▶ **WHAT YOU WILL DO**
For the entries that follow, count the lines containing the string "longleftrightarrow" and write only the number.

** PROVIDED RECORDS follows **

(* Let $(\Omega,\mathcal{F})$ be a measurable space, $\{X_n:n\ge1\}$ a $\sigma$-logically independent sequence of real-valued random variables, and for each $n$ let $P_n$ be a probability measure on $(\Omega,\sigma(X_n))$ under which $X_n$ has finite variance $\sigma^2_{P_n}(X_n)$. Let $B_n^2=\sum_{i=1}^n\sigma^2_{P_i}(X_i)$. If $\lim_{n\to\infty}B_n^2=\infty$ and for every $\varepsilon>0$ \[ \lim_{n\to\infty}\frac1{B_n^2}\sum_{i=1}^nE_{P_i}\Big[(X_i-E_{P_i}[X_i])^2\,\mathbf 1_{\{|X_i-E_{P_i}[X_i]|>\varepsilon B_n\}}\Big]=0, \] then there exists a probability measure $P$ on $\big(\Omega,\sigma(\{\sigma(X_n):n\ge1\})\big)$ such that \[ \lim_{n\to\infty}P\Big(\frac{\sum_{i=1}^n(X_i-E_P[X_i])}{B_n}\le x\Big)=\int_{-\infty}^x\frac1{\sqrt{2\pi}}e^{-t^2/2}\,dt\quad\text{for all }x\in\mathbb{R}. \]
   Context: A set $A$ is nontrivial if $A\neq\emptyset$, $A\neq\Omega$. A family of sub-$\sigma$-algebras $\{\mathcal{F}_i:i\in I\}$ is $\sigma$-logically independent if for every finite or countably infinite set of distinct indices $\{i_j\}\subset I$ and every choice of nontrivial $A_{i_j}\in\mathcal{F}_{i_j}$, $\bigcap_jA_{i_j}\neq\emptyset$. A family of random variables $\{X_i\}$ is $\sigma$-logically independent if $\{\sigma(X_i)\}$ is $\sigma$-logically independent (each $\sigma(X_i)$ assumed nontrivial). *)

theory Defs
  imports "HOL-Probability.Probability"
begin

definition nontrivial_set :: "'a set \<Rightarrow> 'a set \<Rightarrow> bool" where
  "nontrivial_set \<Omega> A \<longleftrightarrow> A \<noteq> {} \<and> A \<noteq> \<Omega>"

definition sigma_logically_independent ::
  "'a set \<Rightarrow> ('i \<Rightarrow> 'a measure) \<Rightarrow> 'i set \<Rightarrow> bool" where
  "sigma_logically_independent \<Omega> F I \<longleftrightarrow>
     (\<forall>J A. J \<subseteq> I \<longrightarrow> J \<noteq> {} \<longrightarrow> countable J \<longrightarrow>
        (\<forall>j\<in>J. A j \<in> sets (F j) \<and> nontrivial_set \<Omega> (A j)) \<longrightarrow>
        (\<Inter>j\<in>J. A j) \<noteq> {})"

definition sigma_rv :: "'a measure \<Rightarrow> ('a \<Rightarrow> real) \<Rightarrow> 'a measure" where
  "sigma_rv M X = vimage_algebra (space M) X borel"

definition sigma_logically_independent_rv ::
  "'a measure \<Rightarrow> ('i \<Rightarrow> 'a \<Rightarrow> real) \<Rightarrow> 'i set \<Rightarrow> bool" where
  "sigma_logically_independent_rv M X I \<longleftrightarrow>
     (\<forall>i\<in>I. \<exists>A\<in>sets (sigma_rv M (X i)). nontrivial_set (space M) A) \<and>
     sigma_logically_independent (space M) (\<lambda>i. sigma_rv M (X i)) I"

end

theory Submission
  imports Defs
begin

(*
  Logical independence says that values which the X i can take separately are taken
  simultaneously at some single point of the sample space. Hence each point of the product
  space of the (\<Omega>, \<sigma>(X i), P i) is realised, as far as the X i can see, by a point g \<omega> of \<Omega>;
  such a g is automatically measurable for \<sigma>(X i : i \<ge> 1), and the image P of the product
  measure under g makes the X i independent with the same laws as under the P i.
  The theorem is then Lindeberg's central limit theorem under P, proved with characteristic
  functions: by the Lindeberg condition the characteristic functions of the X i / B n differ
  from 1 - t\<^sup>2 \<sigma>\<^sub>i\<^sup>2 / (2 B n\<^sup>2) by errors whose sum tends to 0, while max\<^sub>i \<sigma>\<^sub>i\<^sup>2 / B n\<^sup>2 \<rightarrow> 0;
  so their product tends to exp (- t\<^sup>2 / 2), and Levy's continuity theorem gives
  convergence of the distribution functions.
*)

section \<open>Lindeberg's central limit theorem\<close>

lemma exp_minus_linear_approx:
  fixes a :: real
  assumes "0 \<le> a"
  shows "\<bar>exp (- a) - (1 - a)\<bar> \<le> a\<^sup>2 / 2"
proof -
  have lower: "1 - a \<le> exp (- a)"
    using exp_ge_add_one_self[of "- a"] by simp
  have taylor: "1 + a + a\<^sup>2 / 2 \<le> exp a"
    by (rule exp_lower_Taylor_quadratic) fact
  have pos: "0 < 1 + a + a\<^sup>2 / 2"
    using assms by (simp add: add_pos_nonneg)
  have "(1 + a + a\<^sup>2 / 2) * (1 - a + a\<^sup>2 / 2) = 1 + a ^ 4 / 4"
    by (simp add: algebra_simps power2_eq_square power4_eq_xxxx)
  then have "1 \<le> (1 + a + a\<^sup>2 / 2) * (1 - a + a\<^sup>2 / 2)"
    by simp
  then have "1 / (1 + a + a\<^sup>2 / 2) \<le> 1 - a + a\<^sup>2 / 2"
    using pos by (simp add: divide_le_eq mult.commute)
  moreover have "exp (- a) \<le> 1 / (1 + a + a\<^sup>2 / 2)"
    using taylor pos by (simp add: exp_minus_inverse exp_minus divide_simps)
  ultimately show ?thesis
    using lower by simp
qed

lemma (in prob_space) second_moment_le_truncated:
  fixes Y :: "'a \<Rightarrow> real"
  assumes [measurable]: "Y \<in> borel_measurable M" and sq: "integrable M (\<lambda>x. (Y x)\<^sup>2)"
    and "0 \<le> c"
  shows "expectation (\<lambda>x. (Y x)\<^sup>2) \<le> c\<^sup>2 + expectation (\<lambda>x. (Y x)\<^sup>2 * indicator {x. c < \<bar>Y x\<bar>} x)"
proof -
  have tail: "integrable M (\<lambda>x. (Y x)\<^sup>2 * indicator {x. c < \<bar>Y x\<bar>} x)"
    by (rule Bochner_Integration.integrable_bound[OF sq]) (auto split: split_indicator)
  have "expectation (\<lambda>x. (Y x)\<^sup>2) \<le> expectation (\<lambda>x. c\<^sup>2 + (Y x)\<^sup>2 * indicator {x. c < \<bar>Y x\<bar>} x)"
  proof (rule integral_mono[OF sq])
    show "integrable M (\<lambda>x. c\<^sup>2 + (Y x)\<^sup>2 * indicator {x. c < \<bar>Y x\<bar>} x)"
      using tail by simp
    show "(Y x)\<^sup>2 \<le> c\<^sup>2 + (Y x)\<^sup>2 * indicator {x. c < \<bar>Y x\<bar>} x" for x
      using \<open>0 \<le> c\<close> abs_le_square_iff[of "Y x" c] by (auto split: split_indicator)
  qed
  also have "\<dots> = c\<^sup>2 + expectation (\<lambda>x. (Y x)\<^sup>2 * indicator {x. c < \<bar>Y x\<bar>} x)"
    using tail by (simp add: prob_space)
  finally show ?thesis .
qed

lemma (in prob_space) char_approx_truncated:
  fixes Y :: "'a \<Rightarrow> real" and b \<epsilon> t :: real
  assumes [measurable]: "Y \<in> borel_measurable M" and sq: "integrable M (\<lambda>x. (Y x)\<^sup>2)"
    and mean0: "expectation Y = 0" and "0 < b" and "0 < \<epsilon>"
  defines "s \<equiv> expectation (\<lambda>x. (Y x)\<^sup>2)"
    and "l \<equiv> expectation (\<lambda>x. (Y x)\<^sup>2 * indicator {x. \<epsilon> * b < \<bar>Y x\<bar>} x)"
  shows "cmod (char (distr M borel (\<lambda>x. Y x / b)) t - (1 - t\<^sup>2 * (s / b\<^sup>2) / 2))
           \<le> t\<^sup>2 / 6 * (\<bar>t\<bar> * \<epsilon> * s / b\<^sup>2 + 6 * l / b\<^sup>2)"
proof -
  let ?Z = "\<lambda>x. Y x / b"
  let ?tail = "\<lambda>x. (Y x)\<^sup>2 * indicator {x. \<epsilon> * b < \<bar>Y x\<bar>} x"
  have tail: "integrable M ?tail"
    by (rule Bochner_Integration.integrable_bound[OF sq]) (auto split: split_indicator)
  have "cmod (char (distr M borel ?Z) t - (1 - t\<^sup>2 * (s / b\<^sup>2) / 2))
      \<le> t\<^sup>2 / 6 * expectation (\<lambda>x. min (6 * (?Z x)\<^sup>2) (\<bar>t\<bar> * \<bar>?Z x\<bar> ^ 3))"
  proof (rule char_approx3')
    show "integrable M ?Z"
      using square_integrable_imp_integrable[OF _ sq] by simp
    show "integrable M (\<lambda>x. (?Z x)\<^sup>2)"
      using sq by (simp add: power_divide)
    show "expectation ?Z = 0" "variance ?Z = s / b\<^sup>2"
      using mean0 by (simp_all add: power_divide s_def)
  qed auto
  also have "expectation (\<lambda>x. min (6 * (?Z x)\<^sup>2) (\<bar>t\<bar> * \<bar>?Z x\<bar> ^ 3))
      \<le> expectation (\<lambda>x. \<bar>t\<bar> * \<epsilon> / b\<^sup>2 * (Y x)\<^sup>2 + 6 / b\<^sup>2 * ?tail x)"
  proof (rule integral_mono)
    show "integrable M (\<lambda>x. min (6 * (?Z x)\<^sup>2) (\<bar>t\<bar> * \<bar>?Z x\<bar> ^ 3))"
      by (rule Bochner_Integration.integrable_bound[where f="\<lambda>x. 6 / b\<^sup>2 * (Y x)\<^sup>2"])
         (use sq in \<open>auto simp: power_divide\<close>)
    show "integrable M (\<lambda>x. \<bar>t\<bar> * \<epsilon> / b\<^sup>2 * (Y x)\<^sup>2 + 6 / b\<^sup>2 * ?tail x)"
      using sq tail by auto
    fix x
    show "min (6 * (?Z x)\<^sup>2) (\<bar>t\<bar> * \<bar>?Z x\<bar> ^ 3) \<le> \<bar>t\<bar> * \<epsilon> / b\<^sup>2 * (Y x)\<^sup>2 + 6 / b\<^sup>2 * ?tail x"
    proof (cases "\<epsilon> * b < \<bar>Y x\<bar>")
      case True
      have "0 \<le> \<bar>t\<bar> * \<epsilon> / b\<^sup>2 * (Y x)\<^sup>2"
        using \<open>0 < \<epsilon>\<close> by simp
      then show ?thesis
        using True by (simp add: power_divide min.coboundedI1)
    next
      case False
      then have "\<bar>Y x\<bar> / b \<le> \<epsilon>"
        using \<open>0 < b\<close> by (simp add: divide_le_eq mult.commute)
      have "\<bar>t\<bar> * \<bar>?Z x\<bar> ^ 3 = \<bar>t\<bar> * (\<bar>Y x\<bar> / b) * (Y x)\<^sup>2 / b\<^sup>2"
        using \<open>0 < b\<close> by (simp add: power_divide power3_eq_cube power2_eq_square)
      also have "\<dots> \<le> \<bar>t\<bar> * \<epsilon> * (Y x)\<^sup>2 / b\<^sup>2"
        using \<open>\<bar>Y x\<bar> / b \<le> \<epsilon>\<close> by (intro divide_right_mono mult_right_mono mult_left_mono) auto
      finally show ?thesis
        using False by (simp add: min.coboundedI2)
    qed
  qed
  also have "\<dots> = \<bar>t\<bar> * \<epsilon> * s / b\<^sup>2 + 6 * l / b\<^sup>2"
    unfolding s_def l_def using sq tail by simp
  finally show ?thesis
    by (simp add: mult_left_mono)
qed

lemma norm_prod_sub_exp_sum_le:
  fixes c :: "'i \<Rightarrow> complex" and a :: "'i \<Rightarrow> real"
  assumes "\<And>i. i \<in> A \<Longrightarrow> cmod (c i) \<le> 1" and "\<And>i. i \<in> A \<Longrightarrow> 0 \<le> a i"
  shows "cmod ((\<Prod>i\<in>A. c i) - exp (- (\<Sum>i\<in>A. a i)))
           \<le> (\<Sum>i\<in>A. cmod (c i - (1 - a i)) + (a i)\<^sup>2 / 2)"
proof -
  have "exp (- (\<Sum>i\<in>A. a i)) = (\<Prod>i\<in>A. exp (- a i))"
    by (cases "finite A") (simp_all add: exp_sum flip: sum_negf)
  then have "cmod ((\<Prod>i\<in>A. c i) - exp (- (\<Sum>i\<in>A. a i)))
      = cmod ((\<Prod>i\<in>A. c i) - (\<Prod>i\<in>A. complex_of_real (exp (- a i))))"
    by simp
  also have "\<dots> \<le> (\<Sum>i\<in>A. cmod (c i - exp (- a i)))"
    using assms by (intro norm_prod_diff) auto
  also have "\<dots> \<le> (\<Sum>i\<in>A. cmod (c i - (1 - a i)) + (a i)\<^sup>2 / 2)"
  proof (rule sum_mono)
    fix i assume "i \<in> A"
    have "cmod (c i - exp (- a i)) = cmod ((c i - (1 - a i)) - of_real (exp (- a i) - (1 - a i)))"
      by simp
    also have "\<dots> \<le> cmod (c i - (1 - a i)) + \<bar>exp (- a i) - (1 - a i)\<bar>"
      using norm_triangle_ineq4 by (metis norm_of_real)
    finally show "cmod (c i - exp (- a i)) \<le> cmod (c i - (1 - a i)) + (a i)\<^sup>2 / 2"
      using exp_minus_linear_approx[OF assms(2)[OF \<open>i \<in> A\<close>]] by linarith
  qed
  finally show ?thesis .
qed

** End of PROVIDED RECORDS **

▶ **SOLUTION TO THIS TASK**
3